__TRY IT__.
Among the lines below, list those containing the string "assumes".

[INFORMATION SHOWN — start]

(* Let $d\ge1$, put $r=\lfloor (d-1)/2\rfloor$, and let $N=-1$ if $d$ is even and $N=r$ if $d$ is odd. Then the numbers $h^{(d)}_{i,j}$ increase weakly along the following chain: for each $0\le i\le r$, $h^{(d)}_{i,d}\le h^{(d)}_{i,d-1}\le\cdots\le h^{(d)}_{i,-1}$ (for $i<r$), and $h^{(d)}_{i,-1}\le h^{(d)}_{i+1,d}$ for $0\le i<r$, while the last segment is $h^{(d)}_{r,d}\le h^{(d)}_{r,d-1}\le\cdots\le h^{(d)}_{r,N}$. That is, $$h^{(d)}_{0,d}\le\cdots\le h^{(d)}_{0,-1}\le h^{(d)}_{1,d}\le\cdots\le h^{(d)}_{1,-1}\le\cdots\le h^{(d)}_{r,d}\le\cdots\le h^{(d)}_{r,N}.$$
   Context: For $m\ge1$ and a permutation $\sigma$ of $[m]=\{1,\dots,m\}$, $\mathrm{des}(\sigma)$ is the number of $1\le t\le m-1$ with $\sigma(t)>\sigma(t+1)$; $A(m,i,j)$ is the number of permutations $\sigma$ of $[m]$ with $\mathrm{des}(\sigma)=i$ and $\sigma(1)=j$ (and $A(m,i,j)=0$ if $i<0$). For $d\ge0$ and $-1\le i,j\le d$ define $h^{(d)}_{i,j}=A(d+2,i+1,j+2)$. *)

theory Defs
  imports "HOL-Combinatorics.Permutations"
begin

definition des :: "nat \<Rightarrow> (nat \<Rightarrow> nat) \<Rightarrow> nat" where
  "des m \<sigma> = card {t \<in> {1..<m}. \<sigma> t > \<sigma> (Suc t)}"

definition A :: "nat \<Rightarrow> int \<Rightarrow> int \<Rightarrow> nat" where
  "A m i j = (if i < 0 then 0 else
     card {\<sigma>. \<sigma> permutes {1..m} \<and> int (des m \<sigma>) = i \<and> int (\<sigma> 1) = j})"

definition h :: "nat \<Rightarrow> int \<Rightarrow> int \<Rightarrow> nat" where
  "h d i j = A (d + 2) (i + 1) (j + 2)"

end

theory Submission
  imports Defs
begin

text \<open>
  Deleting the first letter \<open>f\<close> of a permutation of \<open>[n+1]\<close> and standardizing the remaining
  word gives a permutation \<open>\<tau>\<close> of \<open>[n]\<close>, and position 1 is a descent exactly when \<open>\<tau>(1) < f\<close>.
  Hence \<open>A(n+1,i,f) = (\<Sum>g<f. A(n,i-1,g)) + (\<Sum>g\<ge>f. A(n,i,g))\<close>, which gives
  \<open>A(n+1,k,1) = A(n+1,k+1,n+1)\<close> (the links between consecutive rows of the chain) and
  \<open>A(n+1,k,f) - A(n+1,k,f+1) = D(n,k,f)\<close>, where \<open>D(n,k,f) = A(n,k,f) - A(n,k-1,f)\<close>.
  So monotonicity along a row amounts to \<open>D(n,k,f) \<ge> 0\<close> whenever \<open>2k < n\<close>, or \<open>2k = n\<close> and
  \<open>2f > n\<close>. This follows by induction on \<open>n\<close> from the same recurrence and the complement
  symmetry \<open>A(n,k,f) = A(n,n-1-k,n+1-f)\<close>: the symmetry makes \<open>D(n,k,\<cdot>)\<close> antisymmetric
  under \<open>f \<mapsto> n+1-f\<close> when \<open>2k = n\<close>, and turns the sum over \<open>g \<ge> f\<close> into one over
  \<open>g \<le> n+1-f\<close> when \<open>2k = n+1\<close>.
\<close>

definition squeeze :: "nat \<Rightarrow> nat \<Rightarrow> nat" where
  "squeeze f x = (if x < f then x else x - 1)"

definition unsqueeze :: "nat \<Rightarrow> nat \<Rightarrow> nat" where
  "unsqueeze f y = (if y < f then y else Suc y)"

lemma squeeze_less_squeeze_iff: "x \<noteq> f \<Longrightarrow> y \<noteq> f \<Longrightarrow> squeeze f x < squeeze f y \<longleftrightarrow> x < y"
  by (auto simp: squeeze_def)

lemma squeeze_unsqueeze [simp]: "squeeze f (unsqueeze f y) = y"
  by (simp add: squeeze_def unsqueeze_def)

lemma unsqueeze_squeeze: "x \<noteq> f \<Longrightarrow> unsqueeze f (squeeze f x) = x"
  by (auto simp: squeeze_def unsqueeze_def)

lemma unsqueeze_neq [simp]: "unsqueeze f y \<noteq> f"
  by (simp add: unsqueeze_def)

definition std_tail :: "nat \<Rightarrow> nat \<Rightarrow> (nat \<Rightarrow> nat) \<Rightarrow> nat \<Rightarrow> nat" where
  "std_tail n f \<sigma> = (\<lambda>t. if t \<in> {1..n} then squeeze f (\<sigma> (Suc t)) else t)"

definition prepend :: "nat \<Rightarrow> nat \<Rightarrow> (nat \<Rightarrow> nat) \<Rightarrow> nat \<Rightarrow> nat" where
  "prepend n f \<tau> = (\<lambda>x. if x = 1 then f else if x \<in> {2..Suc n} then unsqueeze f (\<tau> (x - 1)) else x)"

lemma permutes_first_neq:
  assumes "\<sigma> permutes S" "x \<noteq> 1"
  shows "\<sigma> x \<noteq> \<sigma> 1"
  using permutes_inj[OF assms(1)] assms(2) by (auto dest: injD)

lemma squeeze_mem: "x \<in> {1..Suc n} \<Longrightarrow> f \<in> {1..Suc n} \<Longrightarrow> x \<noteq> f \<Longrightarrow> squeeze f x \<in> {1..n}"
  by (auto simp: squeeze_def)

lemma unsqueeze_mem: "y \<in> {1..n} \<Longrightarrow> f \<in> {1..Suc n} \<Longrightarrow> unsqueeze f y \<in> {1..Suc n}"
  by (auto simp: unsqueeze_def)

lemma std_tail_permutes:
  assumes \<sigma>: "\<sigma> permutes {1..Suc n}" and f: "\<sigma> 1 = f"
  shows "std_tail n f \<sigma> permutes {1..n}"
proof (rule bij_imp_permutes)
  let ?\<tau> = "std_tail n f \<sigma>"
  have ne: "\<sigma> (Suc t) \<noteq> f" if "t \<in> {1..n}" for t
    using permutes_first_neq[OF \<sigma>, of "Suc t"] f that by simp
  have mem: "\<sigma> x \<in> {1..Suc n}" if "x \<in> {1..Suc n}" for x
    using permutes_in_image[OF \<sigma>] that by blast
  have into: "?\<tau> ` {1..n} \<subseteq> {1..n}"
  proof
    fix y assume "y \<in> ?\<tau> ` {1..n}"
    then obtain t where t: "t \<in> {1..n}" and y: "y = squeeze f (\<sigma> (Suc t))"
      by (auto simp: std_tail_def)
    have "\<sigma> (Suc t) \<in> {1..Suc n}" "f \<in> {1..Suc n}"
      using mem[of "Suc t"] mem[of 1] t f by auto
    then show "y \<in> {1..n}"
      using squeeze_mem ne[OF t] y by blast
  qed
  have "inj_on ?\<tau> {1..n}"
  proof (rule inj_onI)
    fix s t assume s: "s \<in> {1..n}" and t: "t \<in> {1..n}" and eq: "?\<tau> s = ?\<tau> t"
    then have "squeeze f (\<sigma> (Suc s)) = squeeze f (\<sigma> (Suc t))"
      by (simp add: std_tail_def)
    then have "\<sigma> (Suc s) = \<sigma> (Suc t)"
      by (metis ne[OF s] ne[OF t] unsqueeze_squeeze)
    then show "s = t"
      using permutes_inj[OF \<sigma>] by (simp add: inj_eq)
  qed
  then show "bij_betw ?\<tau> {1..n} {1..n}"
    using endo_inj_surj[OF _ into] by (simp add: bij_betw_def)
  show "x \<notin> {1..n} \<Longrightarrow> ?\<tau> x = x" for x
    by (auto simp: std_tail_def)
qed

lemma prepend_permutes:
  assumes \<tau>: "\<tau> permutes {1..n}" and f: "f \<in> {1..Suc n}"
  shows "prepend n f \<tau> permutes {1..Suc n}"
proof (rule bij_imp_permutes)
  let ?\<sigma> = "prepend n f \<tau>"
  have into: "?\<sigma> ` {1..Suc n} \<subseteq> {1..Suc n}"
  proof
    fix y assume "y \<in> ?\<sigma> ` {1..Suc n}"
    then obtain x where x: "x \<in> {1..Suc n}" and y: "y = ?\<sigma> x"
      by blast
    show "y \<in> {1..Suc n}"
    proof (cases "x = 1")
      case True
      with f y show ?thesis by (simp add: prepend_def)
    next
      case False
      with x have "x - 1 \<in> {1..n}"
        by auto
      then have "\<tau> (x - 1) \<in> {1..n}"
        using permutes_in_image[OF \<tau>] by blast
      with x f have "unsqueeze f (\<tau> (x - 1)) \<in> {1..Suc n}"
        by (rule_tac unsqueeze_mem) auto
      with False x y show ?thesis
        by (simp add: prepend_def)
    qed
  qed
  have "inj_on ?\<sigma> {1..Suc n}"
  proof (rule inj_onI)
    fix x y assume x: "x \<in> {1..Suc n}" and y: "y \<in> {1..Suc n}" and eq: "?\<sigma> x = ?\<sigma> y"
    show "x = y"
    proof (cases "x = 1 \<or> y = 1")
      case True
      with x y eq show ?thesis
        by (auto simp: prepend_def unsqueeze_neq[THEN not_sym] split: if_splits)
    next
      case False
      with x y eq have "\<tau> (x - 1) = \<tau> (y - 1)"
        by (simp add: prepend_def) (metis squeeze_unsqueeze)
      with False x y show ?thesis by (auto simp: permutes_inj[OF \<tau>, THEN inj_eq])
    qed
  qed
  with into show "bij_betw ?\<sigma> {1..Suc n} {1..Suc n}"
    using endo_inj_surj[OF _ into] by (simp add: bij_betw_def)
  show "x \<notin> {1..Suc n} \<Longrightarrow> ?\<sigma> x = x" for x
    by (auto simp: prepend_def)
qed

lemma std_tail_prepend:
  assumes "\<tau> permutes {1..n}"
  shows "std_tail n f (prepend n f \<tau>) = \<tau>"
  using permutes_not_in[OF assms] by (auto simp: fun_eq_iff std_tail_def prepend_def)

lemma prepend_std_tail:
  assumes \<sigma>: "\<sigma> permutes {1..Suc n}" and f: "\<sigma> 1 = f"
  shows "prepend n f (std_tail n f \<sigma>) = \<sigma>"
proof
  fix x
  show "prepend n f (std_tail n f \<sigma>) x = \<sigma> x"
    using permutes_first_neq[OF \<sigma>, of x] permutes_not_in[OF \<sigma>, of x] f
    by (auto simp: prepend_def std_tail_def unsqueeze_squeeze)
qed

lemma des_eq_sum: "des m \<sigma> = (\<Sum>t\<in>{1..<m}. if \<sigma> (Suc t) < \<sigma> t then 1 else 0)"
  unfolding des_def card_eq_sum by (rule sum.inter_filter) simp

lemma des_std_tail:
  assumes \<sigma>: "\<sigma> permutes {1..Suc n}" and f: "\<sigma> 1 = f" and n: "1 \<le> n"
  defines "\<tau> \<equiv> std_tail n f \<sigma>"
  shows "des (Suc n) \<sigma> = des n \<tau> + (if \<tau> 1 < f then 1 else 0)"
proof -
  have step: "\<sigma> (Suc (Suc t)) < \<sigma> (Suc t) \<longleftrightarrow> \<tau> (Suc t) < \<tau> t" if "t \<in> {1..<n}" for t
    using that squeeze_less_squeeze_iff permutes_first_neq[OF \<sigma>] f by (simp add: \<tau>_def std_tail_def)
  have first: "\<sigma> 2 < \<sigma> 1 \<longleftrightarrow> \<tau> 1 < f"
    using n f permutes_first_neq[OF \<sigma>, of 2] by (auto simp: \<tau>_def std_tail_def squeeze_def numeral_2_eq_2)
  have "des (Suc n) \<sigma> = (if \<sigma> 2 < \<sigma> 1 then 1 else 0)
      + (\<Sum>t\<in>{1..<n}. if \<sigma> (Suc (Suc t)) < \<sigma> (Suc t) then 1 else 0)"
    unfolding des_eq_sum sum.atLeast_Suc_lessThan[of 1 "Suc n", OF le_imp_less_Suc[OF n]]
      sum.shift_bounds_Suc_ivl numeral_2_eq_2 by simp
  also have "\<dots> = (if \<tau> 1 < f then 1 else 0) + des n \<tau>"
    using step first by (simp add: des_eq_sum)
  finally show ?thesis by simp
qed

[INFORMATION SHOWN — finish]

__REPLY__.
  assumes "\<sigma> permutes S" "x \<noteq> 1"
  assumes \<sigma>: "\<sigma> permutes {1..Suc n}" and f: "\<sigma> 1 = f"
  assumes \<tau>: "\<tau> permutes {1..n}" and f: "f \<in> {1..Suc n}"
  assumes "\<tau> permutes {1..n}"
  assumes \<sigma>: "\<sigma> permutes {1..Suc n}" and f: "\<sigma> 1 = f"
  assumes \<sigma>: "\<sigma> permutes {1..Suc n}" and f: "\<sigma> 1 = f" and n: "1 \<le> n"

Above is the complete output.